------ INPUT FOR THIS TASK
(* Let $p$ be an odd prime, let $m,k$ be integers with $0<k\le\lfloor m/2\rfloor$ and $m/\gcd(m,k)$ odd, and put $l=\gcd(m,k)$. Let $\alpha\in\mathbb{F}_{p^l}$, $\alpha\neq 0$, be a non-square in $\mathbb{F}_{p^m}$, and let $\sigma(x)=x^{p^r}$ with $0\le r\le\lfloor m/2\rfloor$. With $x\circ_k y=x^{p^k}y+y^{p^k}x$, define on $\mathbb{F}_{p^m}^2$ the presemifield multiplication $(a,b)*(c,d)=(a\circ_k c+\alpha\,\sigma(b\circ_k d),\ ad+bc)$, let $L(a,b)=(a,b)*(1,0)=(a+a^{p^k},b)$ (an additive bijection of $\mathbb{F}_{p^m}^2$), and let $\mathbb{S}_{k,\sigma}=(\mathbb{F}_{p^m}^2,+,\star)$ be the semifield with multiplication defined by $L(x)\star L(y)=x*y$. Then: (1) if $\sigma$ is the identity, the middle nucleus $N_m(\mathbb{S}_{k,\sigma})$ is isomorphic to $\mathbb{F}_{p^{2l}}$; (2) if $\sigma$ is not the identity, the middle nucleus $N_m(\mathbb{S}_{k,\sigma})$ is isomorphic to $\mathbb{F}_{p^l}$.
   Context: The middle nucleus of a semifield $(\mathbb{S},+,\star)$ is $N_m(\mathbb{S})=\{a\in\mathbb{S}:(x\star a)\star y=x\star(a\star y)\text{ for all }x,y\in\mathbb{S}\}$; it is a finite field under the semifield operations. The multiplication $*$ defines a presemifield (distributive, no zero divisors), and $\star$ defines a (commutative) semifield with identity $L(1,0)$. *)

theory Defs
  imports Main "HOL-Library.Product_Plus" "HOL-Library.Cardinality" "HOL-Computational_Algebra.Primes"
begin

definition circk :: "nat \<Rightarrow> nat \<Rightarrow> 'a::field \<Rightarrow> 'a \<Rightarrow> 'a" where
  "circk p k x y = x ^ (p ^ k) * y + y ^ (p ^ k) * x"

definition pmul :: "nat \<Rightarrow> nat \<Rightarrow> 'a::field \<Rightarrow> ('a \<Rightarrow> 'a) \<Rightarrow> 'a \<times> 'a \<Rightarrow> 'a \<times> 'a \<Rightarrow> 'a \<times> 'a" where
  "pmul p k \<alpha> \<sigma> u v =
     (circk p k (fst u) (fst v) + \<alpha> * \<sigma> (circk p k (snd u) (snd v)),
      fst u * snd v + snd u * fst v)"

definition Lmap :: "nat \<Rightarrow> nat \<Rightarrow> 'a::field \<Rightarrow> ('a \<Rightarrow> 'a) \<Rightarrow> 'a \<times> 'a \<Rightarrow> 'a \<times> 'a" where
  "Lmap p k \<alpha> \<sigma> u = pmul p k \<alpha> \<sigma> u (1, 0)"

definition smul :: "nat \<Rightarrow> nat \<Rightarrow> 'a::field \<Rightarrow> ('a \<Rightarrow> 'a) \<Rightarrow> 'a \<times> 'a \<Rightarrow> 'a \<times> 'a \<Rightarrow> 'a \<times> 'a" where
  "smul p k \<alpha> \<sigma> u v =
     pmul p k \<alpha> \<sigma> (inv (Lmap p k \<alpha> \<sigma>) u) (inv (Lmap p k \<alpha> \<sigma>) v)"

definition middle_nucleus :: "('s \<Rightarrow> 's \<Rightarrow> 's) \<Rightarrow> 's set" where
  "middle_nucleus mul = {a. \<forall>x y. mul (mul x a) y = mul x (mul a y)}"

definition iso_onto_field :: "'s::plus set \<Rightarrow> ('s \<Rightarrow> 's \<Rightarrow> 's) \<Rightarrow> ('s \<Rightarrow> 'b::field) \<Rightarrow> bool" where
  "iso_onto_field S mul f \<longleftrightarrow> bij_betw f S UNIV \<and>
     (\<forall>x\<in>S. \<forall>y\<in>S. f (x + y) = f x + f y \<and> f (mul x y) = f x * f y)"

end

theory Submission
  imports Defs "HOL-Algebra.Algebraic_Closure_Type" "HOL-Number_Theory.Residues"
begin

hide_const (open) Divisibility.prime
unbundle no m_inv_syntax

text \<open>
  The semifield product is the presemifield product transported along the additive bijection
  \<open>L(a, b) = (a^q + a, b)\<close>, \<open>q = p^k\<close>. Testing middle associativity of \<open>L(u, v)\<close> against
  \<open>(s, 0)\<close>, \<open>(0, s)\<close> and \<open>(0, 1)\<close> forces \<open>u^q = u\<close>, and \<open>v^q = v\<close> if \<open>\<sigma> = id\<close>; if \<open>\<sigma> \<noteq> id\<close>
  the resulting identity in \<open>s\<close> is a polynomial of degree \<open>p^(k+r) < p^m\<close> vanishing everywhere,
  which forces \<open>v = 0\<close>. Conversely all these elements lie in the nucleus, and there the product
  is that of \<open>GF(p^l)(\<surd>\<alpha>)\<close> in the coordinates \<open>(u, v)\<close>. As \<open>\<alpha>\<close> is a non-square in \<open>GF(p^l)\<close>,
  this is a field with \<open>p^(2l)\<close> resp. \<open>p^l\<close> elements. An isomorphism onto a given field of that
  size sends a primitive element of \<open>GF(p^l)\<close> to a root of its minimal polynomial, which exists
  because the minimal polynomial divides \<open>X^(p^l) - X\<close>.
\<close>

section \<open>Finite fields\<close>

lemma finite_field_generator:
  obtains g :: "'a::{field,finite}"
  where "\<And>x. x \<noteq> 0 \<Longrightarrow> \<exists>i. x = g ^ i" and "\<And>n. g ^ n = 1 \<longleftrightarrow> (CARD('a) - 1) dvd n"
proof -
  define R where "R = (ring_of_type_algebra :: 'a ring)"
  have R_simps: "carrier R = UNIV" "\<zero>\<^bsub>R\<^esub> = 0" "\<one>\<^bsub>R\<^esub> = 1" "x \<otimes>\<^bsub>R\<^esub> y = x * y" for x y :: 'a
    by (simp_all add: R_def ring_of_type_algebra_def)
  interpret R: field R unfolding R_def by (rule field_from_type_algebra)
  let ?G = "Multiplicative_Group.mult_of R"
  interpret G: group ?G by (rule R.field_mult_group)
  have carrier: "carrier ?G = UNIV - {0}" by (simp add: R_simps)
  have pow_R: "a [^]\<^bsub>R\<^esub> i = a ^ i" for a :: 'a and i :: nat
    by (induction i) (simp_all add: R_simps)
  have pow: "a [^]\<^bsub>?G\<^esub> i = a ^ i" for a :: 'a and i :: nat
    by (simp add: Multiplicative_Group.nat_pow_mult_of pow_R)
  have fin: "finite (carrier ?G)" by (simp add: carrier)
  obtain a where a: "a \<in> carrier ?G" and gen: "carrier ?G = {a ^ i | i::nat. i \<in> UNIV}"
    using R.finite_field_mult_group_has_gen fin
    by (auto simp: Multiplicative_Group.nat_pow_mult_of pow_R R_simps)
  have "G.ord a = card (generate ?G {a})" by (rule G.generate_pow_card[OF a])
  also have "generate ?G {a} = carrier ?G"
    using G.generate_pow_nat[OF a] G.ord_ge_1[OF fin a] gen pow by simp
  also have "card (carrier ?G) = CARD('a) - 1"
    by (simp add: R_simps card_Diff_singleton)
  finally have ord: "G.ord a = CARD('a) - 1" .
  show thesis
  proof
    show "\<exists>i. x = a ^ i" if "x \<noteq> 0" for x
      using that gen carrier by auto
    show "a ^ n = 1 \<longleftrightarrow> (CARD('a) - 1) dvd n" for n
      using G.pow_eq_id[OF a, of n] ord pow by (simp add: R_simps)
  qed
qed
------------
------ INPUT FOR THIS TASK
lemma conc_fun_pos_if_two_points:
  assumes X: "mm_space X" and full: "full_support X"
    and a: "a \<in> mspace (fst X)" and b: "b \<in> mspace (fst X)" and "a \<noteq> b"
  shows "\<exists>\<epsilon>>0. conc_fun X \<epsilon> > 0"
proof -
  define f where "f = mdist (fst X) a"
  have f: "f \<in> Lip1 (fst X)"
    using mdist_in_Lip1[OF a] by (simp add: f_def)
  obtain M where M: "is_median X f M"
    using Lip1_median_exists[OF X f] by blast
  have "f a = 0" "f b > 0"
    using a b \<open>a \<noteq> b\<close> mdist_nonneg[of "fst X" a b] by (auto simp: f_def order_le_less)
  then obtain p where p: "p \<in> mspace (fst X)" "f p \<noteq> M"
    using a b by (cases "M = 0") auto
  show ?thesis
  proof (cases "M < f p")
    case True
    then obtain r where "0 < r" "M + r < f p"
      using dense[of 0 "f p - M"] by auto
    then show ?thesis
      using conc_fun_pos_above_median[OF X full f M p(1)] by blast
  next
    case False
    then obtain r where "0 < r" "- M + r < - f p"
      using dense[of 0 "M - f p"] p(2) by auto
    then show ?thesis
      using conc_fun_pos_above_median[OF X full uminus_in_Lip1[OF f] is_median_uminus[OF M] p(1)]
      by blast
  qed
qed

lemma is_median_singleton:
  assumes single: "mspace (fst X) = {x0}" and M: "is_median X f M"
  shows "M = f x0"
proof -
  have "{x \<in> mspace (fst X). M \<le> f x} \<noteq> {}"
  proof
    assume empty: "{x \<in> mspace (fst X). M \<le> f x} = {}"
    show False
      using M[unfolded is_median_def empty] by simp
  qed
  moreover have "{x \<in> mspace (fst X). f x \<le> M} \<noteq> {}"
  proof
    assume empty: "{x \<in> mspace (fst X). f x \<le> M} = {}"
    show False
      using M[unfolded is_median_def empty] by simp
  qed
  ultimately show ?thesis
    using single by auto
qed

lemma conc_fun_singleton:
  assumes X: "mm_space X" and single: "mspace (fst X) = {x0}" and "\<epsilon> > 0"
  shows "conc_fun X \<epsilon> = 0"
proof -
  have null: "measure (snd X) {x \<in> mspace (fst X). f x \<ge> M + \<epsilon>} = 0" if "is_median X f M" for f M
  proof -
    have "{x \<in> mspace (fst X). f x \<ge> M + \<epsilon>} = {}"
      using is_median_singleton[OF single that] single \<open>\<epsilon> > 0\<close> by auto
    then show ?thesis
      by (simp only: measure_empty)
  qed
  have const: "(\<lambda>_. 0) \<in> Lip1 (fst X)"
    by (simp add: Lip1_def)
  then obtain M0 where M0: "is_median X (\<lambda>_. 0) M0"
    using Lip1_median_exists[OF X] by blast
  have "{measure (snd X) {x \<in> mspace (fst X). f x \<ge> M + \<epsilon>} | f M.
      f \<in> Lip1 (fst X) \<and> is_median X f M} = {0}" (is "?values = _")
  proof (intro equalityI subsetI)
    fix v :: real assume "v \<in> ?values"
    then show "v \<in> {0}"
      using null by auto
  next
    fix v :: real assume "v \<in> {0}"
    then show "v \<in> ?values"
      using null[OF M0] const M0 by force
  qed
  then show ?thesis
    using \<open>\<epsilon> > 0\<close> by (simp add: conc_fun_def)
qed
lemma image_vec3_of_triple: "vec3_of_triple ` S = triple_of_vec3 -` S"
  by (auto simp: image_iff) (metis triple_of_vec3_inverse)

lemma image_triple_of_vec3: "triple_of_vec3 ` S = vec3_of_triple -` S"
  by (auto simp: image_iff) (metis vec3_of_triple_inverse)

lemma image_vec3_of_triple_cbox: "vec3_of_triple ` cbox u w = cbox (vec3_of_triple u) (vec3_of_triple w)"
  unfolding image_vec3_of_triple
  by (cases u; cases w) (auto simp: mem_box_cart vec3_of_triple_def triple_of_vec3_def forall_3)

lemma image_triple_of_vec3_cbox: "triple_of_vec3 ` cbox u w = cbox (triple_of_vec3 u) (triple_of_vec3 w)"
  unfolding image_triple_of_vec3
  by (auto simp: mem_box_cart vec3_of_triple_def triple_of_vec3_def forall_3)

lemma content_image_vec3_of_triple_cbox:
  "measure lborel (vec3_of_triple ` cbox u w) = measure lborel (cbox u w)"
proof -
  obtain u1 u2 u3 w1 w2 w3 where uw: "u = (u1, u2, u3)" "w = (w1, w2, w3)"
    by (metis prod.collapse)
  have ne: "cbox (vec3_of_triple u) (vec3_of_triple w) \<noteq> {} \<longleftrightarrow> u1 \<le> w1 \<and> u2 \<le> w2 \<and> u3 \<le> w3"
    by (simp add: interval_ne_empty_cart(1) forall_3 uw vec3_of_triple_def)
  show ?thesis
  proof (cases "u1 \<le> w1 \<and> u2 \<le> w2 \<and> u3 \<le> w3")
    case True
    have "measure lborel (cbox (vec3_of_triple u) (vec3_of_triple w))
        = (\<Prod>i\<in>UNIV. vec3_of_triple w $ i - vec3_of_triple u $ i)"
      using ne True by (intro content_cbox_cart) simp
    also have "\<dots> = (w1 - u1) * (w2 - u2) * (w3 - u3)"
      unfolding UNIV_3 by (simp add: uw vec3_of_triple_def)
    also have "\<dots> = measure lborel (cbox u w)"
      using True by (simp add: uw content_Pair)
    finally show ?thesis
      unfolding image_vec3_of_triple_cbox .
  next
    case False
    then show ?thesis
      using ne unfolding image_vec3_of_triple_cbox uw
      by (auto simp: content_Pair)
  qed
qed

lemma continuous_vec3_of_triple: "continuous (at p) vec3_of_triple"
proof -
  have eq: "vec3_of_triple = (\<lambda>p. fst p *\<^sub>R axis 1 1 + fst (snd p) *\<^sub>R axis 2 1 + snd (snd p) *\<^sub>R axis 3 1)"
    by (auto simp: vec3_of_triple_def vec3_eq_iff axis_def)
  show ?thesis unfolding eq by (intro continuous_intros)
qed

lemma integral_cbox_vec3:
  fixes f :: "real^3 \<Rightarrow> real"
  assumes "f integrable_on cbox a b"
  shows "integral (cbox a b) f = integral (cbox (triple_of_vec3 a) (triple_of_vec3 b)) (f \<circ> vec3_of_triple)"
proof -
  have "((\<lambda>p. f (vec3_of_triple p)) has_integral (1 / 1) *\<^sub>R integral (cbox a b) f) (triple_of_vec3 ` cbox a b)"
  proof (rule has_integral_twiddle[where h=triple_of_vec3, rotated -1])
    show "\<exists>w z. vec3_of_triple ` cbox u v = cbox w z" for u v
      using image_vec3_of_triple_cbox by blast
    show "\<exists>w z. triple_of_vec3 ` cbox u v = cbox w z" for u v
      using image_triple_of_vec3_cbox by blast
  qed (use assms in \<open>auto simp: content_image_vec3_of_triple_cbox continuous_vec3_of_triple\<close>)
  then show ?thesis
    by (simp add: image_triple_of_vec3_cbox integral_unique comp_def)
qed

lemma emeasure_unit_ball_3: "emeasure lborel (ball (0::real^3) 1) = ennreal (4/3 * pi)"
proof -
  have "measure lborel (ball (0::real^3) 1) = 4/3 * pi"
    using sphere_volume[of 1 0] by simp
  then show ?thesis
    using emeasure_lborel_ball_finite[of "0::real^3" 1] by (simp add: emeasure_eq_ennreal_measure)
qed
------------
TASK STATEMENT
The answer must consist of every line from the entries that holds the string "forces".

RESULT BELOW
  \<open>(s, 0)\<close>, \<open>(0, s)\<close> and \<open>(0, 1)\<close> forces \<open>u^q = u\<close>, and \<open>v^q = v\<close> if \<open>\<sigma> = id\<close>; if \<open>\<sigma> \<noteq> id\<close>
  which forces \<open>v = 0\<close>. Conversely all these elements lie in the nucleus, and there the product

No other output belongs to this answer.